Another way to cover the bare sclera was using split-CAU. Split-CAU aimed at covering both conjunctival defects with a large CAU divided from the superior bulbar conjunctiva. No recurrence was found in a retrospective evaluation of 7 eyes over a mean follow-up period of 18 months [28]. However, adequate exposure may be difficult in small Chinese eyes. By performing sequential CAU to each head separately, a Canadian group showed only 1 nasal recurrence (5.6%) after 2 years in a retrospective study of 9 eyes [29]. This allowed CAU to each head but avoiding extensive CAU dissection. On the other hand, MMC and AMT are alternatives in eyes when CAU is not feasible. Intraoperative MMC application was used solely after double-head pterygium excision in a case series of 13 eyes. In this case series, 1 eye (8.0%) had recurrence in a follow-up period of 3 years [30]. Similar recurrence rate (9.1%) was shown with AMT after extensive conjunctival excision of 11 eyes observed for 1 year [31]. Although the results of our study appeared to be inferior to other studies in the literature, most studies were limited by the small sample size, short follow-up duration, and retrospective nature, making direct comparison difficult among them.

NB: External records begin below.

(* Let $\mu\in\mathbb{C}$ and let $\{S_n(z)\}_{n\ge -1}$ be a sequence of rational functions in $z$ satisfying $S_{-1}=S_0=1$ and the recurrence $$S_{n+1}S_{n-1}=-z\left[S_n\frac{d^2S_n}{dz^2}-\left(\frac{dS_n}{dz}\right)^2\right]-S_n\frac{dS_n}{dz}+(z+\mu)S_n^2,\qquad n\ge 0,$$ and suppose that the nonzero roots of each $S_n$ are simple. Then for every $N\in\mathbb{N}\cup\{0\}$, if $z=0$ is not a root of any $S_n(z)$ with $0\le n\le N$, the following hold: (a) $S_{N+1}(z)$ is a polynomial of degree $\tfrac12(N+1)(N+2)$; (b) $S_{N+1}(z)$ and $S_N(z)$ have no common root.
   Context: The functions $S_n(z)=S_n(z;\mu)$ (Umemura polynomials associated with the third Painlevé equation) are defined by the recurrence in the claim, each $S_{n+1}$ being a priori the rational function obtained by dividing the right-hand side by $S_{n-1}$. *)

theory Defs
  imports "HOL-Computational_Algebra.Computational_Algebra" "HOL-Computational_Algebra.Field_as_Ring"
begin

text \<open>Each is written in lowest terms
(numerator and denominator coprime, monic denominator) via quot_of_fract.\<close>

type_synonym ratfun = "complex poly fract"

definition rnum :: "ratfun \<Rightarrow> complex poly" where
  "rnum f = fst (quot_of_fract f)"

definition rden :: "ratfun \<Rightarrow> complex poly" where
  "rden f = snd (quot_of_fract f)"

definition rderiv :: "ratfun \<Rightarrow> ratfun" where
  "rderiv f = Fract (pderiv (rnum f) * rden f - rnum f * pderiv (rden f)) (rden f * rden f)"

definition rZ :: ratfun where
  "rZ = to_fract [:0, 1:]"

definition rconst :: "complex \<Rightarrow> ratfun" where
  "rconst c = to_fract [:c:]"

definition is_root :: "ratfun \<Rightarrow> complex \<Rightarrow> bool" where
  "is_root f z \<longleftrightarrow> poly (rnum f) z = 0"

definition is_polynomial :: "ratfun \<Rightarrow> bool" where
  "is_polynomial f \<longleftrightarrow> rden f = 1"

end

theory Submission
  imports Defs
begin

text \<open>
  With L_k = S_k' / S_k and h_k = S_{k+1} S_{k-1} / S_k^2 the recurrence becomes the
  Toda-type system h_k = z + \<mu> - L_k - z L_k', h_k' = h_k (L_{k+1} + L_{k-1} - 2 L_k).
  Along it the identities (L_{k+1} - L_{k-1}) h_k = 2k + 1 and
  L_{k+1}' + L_k' + (L_{k+1} - L_k)^2 = 0 propagate by induction; the first one is the
  Wronskian identity S_{k+1}' S_{k-1} - S_{k+1} S_{k-1}' = (2k + 1) S_k^2.
  If S_{k-1} and S_k are polynomials, then S_{k+1} S_{k-1} is a polynomial of degree
  2 deg S_k + 1, so a pole of S_{k+1} sits at a simple root of S_{k-1}, where the Wronskian
  would have a pole; hence S_{k+1} is a polynomial and its degree follows by counting.
  At a common root z of S_{N+1} and S_N the right-hand side of the recurrence equals
  z S_N'(z)^2, so z, being nonzero, would be a multiple root of S_N.
\<close>

section \<open>The derivation on rational functions\<close>

lemma rderiv_Fract:
  assumes q: "q \<noteq> 0"
  shows "rderiv (Fract p q) = Fract (pderiv p * q - p * pderiv q) (q * q)"
proof -
  obtain a b where ab: "quot_of_fract (Fract p q) = (a, b)"
    by (cases "quot_of_fract (Fract p q)") auto
  have b: "b \<noteq> 0" using snd_quot_of_fract_nonzero[of "Fract p q"] ab by simp
  have "Fract a b = Fract p q" using Fract_quot_of_fract[of "Fract p q"] ab by simp
  hence e: "a * q = p * b" by (simp add: eq_fract b q)
  hence "pderiv (a * q) = pderiv (p * b)" by simp
  hence e': "pderiv a * q + a * pderiv q = pderiv p * b + p * pderiv b"
    by (simp add: pderiv_mult algebra_simps)
  have "(pderiv a * b - a * pderiv b) * (q * q) - (pderiv p * q - p * pderiv q) * (b * b)
     = b * q * (pderiv a * q + a * pderiv q - (pderiv p * b + p * pderiv b))
       - (pderiv b * q + b * pderiv q) * (a * q - p * b)"
    by (simp add: algebra_simps)
  hence "(pderiv a * b - a * pderiv b) * (q * q) = (pderiv p * q - p * pderiv q) * (b * b)"
    using e e' by simp
  thus ?thesis by (simp add: rderiv_def rnum_def rden_def ab eq_fract b q)
qed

This is understandable as the reported incidence of double-head pterygium was less than 3%, making case recruitment difficult [32]. The current method we adopted for double-head pterygium surgery is combining CAU with rotational CAU or AMT to cover the bare sclera.

In conclusion, both CAU and MMC were shown to be safe adjuvants in pterygium surgery. CAU appeared to be a better choice with lower recurrence rate and better conjunctival appearance when compared to MMC. Bare sclera pterygium excision in the presence of adjuvant MMC should not be performed given the significantly high rate of long-term recurrence.

Conflict of Interests

The authors declare that there is no conflict of interests regarding the publication of this paper.